Bone china is a very seductive material to work with, possessing qualities of intense whiteness, translucency, and strength. I think of it as a very single-minded clay, which forces the maker to work with clarity and precision. Its technical inflexibility and idiosyncratic making and firing characteristics might easily be a deterrent to investigation, however I consider these restrictions and limitations a challenge to creativity and working methods.

I have adapted the industrial techniques of mold making and slip casting associated with bone china for my studio production. My models, or positives, are made by turning plaster on a lathe (figures 1 and 2). Any twists and facets are introduced by hand carving using a Surform and a series of hacksaw blades. After the model is finished a plaster mold (negative form) is made for slip casting the bone china (see figure 5).

My particular interests lie in the translucent properties of this material and the differing degrees of luminosity possible.
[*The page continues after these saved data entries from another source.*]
text \<open>
  Fix a KKT pair \<open>(xs, ys)\<close> and put \<open>\<Phi>(k) = \<parallel>x k - xs\<parallel>\<^sup>2 + \<tau> k \<parallel>y k - ys\<parallel>\<^sup>2\<close>.
  The x-update is a projection onto K; its variational inequality, tested at \<open>xs\<close> and combined
  with the KKT conditions, gives
  \<open>\<Phi>(k+1) \<le> \<Phi>(k) - \<Delta>(k) + 2 \<epsilon> k \<surd>\<Phi>(k+1)\<close>, where \<open>\<Delta>(k)\<close> is the same weighted
  distance between consecutive iterates and the error term is controlled by the stopping criterion.
  As \<open>\<tau>\<close> is nonincreasing and \<open>\<epsilon>\<close> summable, \<open>\<surd>\<Phi>\<close> converges and \<open>\<Delta>(k) \<rightarrow> 0\<close>; since
  \<open>\<tau> k \<ge> \<tau>\<^sub>\<infinity> > 0\<close>, the iterates are bounded and their steps vanish. In the limit along a
  convergent subsequence, the gradient formula and the projection inequality turn into the KKT
  conditions, so the cluster point is itself a KKT pair; taking it as \<open>(xs, ys)\<close> gives
  \<open>\<Phi>(k) \<rightarrow> 0\<close>. A KKT pair exists since for a box a primal solution yields a multiplier by
  Farkas' lemma, and KKT pairs solve (P) and (D).
\<close>

lemma box_set_closed: "closed (box_set l u)"
proof -
  have "box_set l u = (\<Inter>i. {x. l i \<le> ereal (x $ i)} \<inter> {x. ereal (x $ i) \<le> u i})"
    by (auto simp: box_set_def)
  moreover have "closed ({x. l i \<le> ereal (x $ i)} \<inter> {x. ereal (x $ i) \<le> u i})" for i
    by (intro closed_Int closed_Collect_le continuous_intros)
  ultimately show ?thesis by auto
qed
lemma abs_flux_integrand_error_le:
  assumes e: "0 < \<epsilon>"
  shows "ennreal \<bar>(1 / \<epsilon>) * (\<nu> v * (chi \<nu> \<phi> \<epsilon> x v t - \<phi> x t)) - v \<bullet> g x t\<bar>
    \<le> ennreal (\<nu> v) * (\<integral>\<^sup>+z. ennreal (exp_kernel (\<nu> v) z * remainder_weight \<epsilon> z v)
          * ennreal (indicator K (x, t) + indicator K (x + (\<epsilon> * z) *\<^sub>R v, t)) \<partial>lborel)"
proof -
  have "ennreal \<bar>(1 / \<epsilon>) * (\<nu> v * (chi \<nu> \<phi> \<epsilon> x v t - \<phi> x t)) - v \<bullet> g x t\<bar>
    \<le> ennreal (\<nu> v) * (\<integral>\<^sup>+z. ennreal (exp_kernel (\<nu> v) z *
         \<bar>(\<phi> (x + (\<epsilon> * z) *\<^sub>R v) t - \<phi> x t) / \<epsilon> - z * (v \<bullet> g x t)\<bar>) \<partial>lborel)"
    using exp_kernel_average_deviation_le[where \<psi>="\<lambda>z. \<phi> (x + (\<epsilon> * z) *\<^sub>R v) t"
        and c="\<phi> x t" and s="v \<bullet> g x t", OF \<nu>_pos e _ bounded]
    unfolding chi_eq_exp_kernel by simp
  also have "\<dots> \<le> ennreal (\<nu> v) * (\<integral>\<^sup>+z. ennreal (exp_kernel (\<nu> v) z * remainder_weight \<epsilon> z v)
          * ennreal (indicator K (x, t) + indicator K (x + (\<epsilon> * z) *\<^sub>R v, t)) \<partial>lborel)"
  proof (intro mult_left_mono nn_integral_mono)
    fix z :: real
    show "ennreal (exp_kernel (\<nu> v) z * \<bar>(\<phi> (x + (\<epsilon> * z) *\<^sub>R v) t - \<phi> x t) / \<epsilon> - z * (v \<bullet> g x t)\<bar>)
       \<le> ennreal (exp_kernel (\<nu> v) z * remainder_weight \<epsilon> z v)
          * ennreal (indicator K (x, t) + indicator K (x + (\<epsilon> * z) *\<^sub>R v, t))"
    proof (cases "0 \<le> z")
      case True
      have "exp_kernel (\<nu> v) z * \<bar>(\<phi> (x + (\<epsilon> * z) *\<^sub>R v) t - \<phi> x t) / \<epsilon> - z * (v \<bullet> g x t)\<bar>
         \<le> exp_kernel (\<nu> v) z * remainder_weight \<epsilon> z v
             * (indicator K (x, t) + indicator K (x + (\<epsilon> * z) *\<^sub>R v, t))"
        using mult_left_mono[OF difference_quotient_remainder_le[OF e True]
            exp_kernel_nonneg[OF less_imp_le[OF \<nu>_pos]]]
        by (simp add: ac_simps)
      then show ?thesis
        using True e \<nu>_pos[of v]
        by (simp add: ennreal_mult[symmetric] exp_kernel_nonneg remainder_weight_nonneg
            del: ennreal_plus)
    qed (simp add: exp_kernel_def)
  qed simp
  finally show ?thesis .
qed

lemma norm_flux_error_integrand_le:
  assumes e: "0 < \<epsilon>"
  shows "ennreal (norm (((1 / \<epsilon>) * (\<nu> v * (chi \<nu> \<phi> \<epsilon> x v t - \<phi> x t)) - v \<bullet> g x t) *\<^sub>R lam v))
    \<le> (\<integral>\<^sup>+z. ennreal (error_density \<epsilon> v z)
          * ennreal (indicator K (x, t) + indicator K ((x, t) + ((\<epsilon> * z) *\<^sub>R v, 0))) \<partial>lborel)"
    (is "_ \<le> ?rhs")
proof -
  let ?w = "\<lambda>z. ennreal (exp_kernel (\<nu> v) z * remainder_weight \<epsilon> z v)
      * ennreal (indicator K (x, t) + indicator K (x + (\<epsilon> * z) *\<^sub>R v, t))"
  have "ennreal (norm (((1 / \<epsilon>) * (\<nu> v * (chi \<nu> \<phi> \<epsilon> x v t - \<phi> x t)) - v \<bullet> g x t) *\<^sub>R lam v))
      = ennreal (norm (lam v)) * ennreal \<bar>(1 / \<epsilon>) * (\<nu> v * (chi \<nu> \<phi> \<epsilon> x v t - \<phi> x t)) - v \<bullet> g x t\<bar>"
    by (simp add: ennreal_mult' mult.commute)
  also have "\<dots> \<le> ennreal (norm (lam v)) * (ennreal (\<nu> v) * (\<integral>\<^sup>+z. ?w z \<partial>lborel))"
    by (intro mult_left_mono abs_flux_integrand_error_le e) simp
  also have "\<dots> = ennreal (norm (lam v) * \<nu> v) * (\<integral>\<^sup>+z. ?w z \<partial>lborel)"
    using \<nu>_pos[of v] by (simp add: ennreal_mult mult.assoc)
  also have "\<dots> = (\<integral>\<^sup>+z. ennreal (norm (lam v) * \<nu> v) * ?w z \<partial>lborel)"
    by (rule nn_integral_cmult[symmetric]) (unfold remainder_weight_def, measurable)
  also have "\<dots> = ?rhs"
    unfolding error_density_def using \<nu>_pos[of v]
    by (intro nn_integral_cong) (simp add: ennreal_mult' mult.assoc)
  finally show ?thesis .
qed

lemma flux_sub_flux_limit_eq:
  "flux \<epsilon> (x, t) - flux_limit (x, t)
    = (\<integral>v. ((1 / \<epsilon>) * (\<nu> v * (chi \<nu> \<phi> \<epsilon> x v t - \<phi> x t)) - v \<bullet> g x t) *\<^sub>R lam v \<partial>lborel)"
  and integrable_flux_error_integrand:
  "integrable lborel (\<lambda>v. ((1 / \<epsilon>) * (\<nu> v * (chi \<nu> \<phi> \<epsilon> x v t - \<phi> x t)) - v \<bullet> g x t) *\<^sub>R lam v)"
proof -
  have drift: "integrable lborel (\<lambda>v. (v \<bullet> g x t) *\<^sub>R lam v)"
    by (rule integrable_inner_scaleR[OF measurable_lam integrable_norm_mult_norm_lam])
  have flux: "integrable lborel (\<lambda>v. ((1 / \<epsilon>) * (\<nu> v * (chi \<nu> \<phi> \<epsilon> x v t - \<phi> x t))) *\<^sub>R lam v)"
    using integrable_scaleR_right[OF integrable_flux_integrand, of "1 / \<epsilon>"] by simp
  have "(1 / \<epsilon>) *\<^sub>R (\<integral>v. (\<nu> v * (chi \<nu> \<phi> \<epsilon> x v t - \<phi> x t)) *\<^sub>R lam v \<partial>lborel)
      = (\<integral>v. ((1 / \<epsilon>) * (\<nu> v * (chi \<nu> \<phi> \<epsilon> x v t - \<phi> x t))) *\<^sub>R lam v \<partial>lborel)"
    by (simp only: integral_scaleR_right[symmetric] scaleR_scaleR)
  then show "flux \<epsilon> (x, t) - flux_limit (x, t)
    = (\<integral>v. ((1 / \<epsilon>) * (\<nu> v * (chi \<nu> \<phi> \<epsilon> x v t - \<phi> x t)) - v \<bullet> g x t) *\<^sub>R lam v \<partial>lborel)"
    unfolding flux_def flux_limit_def scaleR_left_diff_distrib
    by (simp only: Bochner_Integration.integral_diff[OF flux drift] prod.case)
  show "integrable lborel (\<lambda>v. ((1 / \<epsilon>) * (\<nu> v * (chi \<nu> \<phi> \<epsilon> x v t - \<phi> x t)) - v \<bullet> g x t) *\<^sub>R lam v)"
    unfolding scaleR_left_diff_distrib by (intro Bochner_Integration.integrable_diff flux drift)
qed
In order to enhance these qualities in my work, I have developed three variations of decoration that aim to exploit this characteristic.

1 Sasha Wardell turning plaster on a lathe to make a model.

2 Carve the foot after the outside profile of the model is complete.

3 Pour in the first layer of colored casting slip and empty immediately.


Multi-Colored Casting

The first technique focuses on specific points of translucency by employing a layering and slicing technique. I use commercial body stains to color the bone china casting slip (I add 2–20% body stain per pint of prepared liquid slip) and use a technique of multiple-layered casting with the first layer being poured into a mold then emptied immediately (figure 3).

As soon as the sheen has disappeared, a different colored layer is added (figure 4) and so on until the desired number of layers has been achieved (normally three or four but more recently I have managed five—any more than that and the first layer can pull away from the mold wall resulting in no porosity for the subsequent layers).

The cast is removed from the mold (figure 5) and, when bone dry, subtle facets are made, using a sharp razor-blade edge, (figure 6) on the curved outer surface of the pieces. This involves paring back through three or four coats of different colored slips to reveal the underlying and increasingly transparent layers.

The piece is then fired to a low temperature of 1832°F (1000°C) after which it’s wet-sanded using 320-grit wet/dry paper. This gives the work a smooth cut-glass appearance. The ware is fired a second time to a higher maturing temperature of 2300°F (1260°C), with a 1½ hour soak. The soak ensures even heat throughout, resulting in optimum translucency. After the second firing, it’s polished again with wet/dry paper to achieve a satin-matte appearance.

4 After the sheen disappears, pour in a different colored layer of casting slip.

5 The cast piece is removed from the mold and set aside to dry.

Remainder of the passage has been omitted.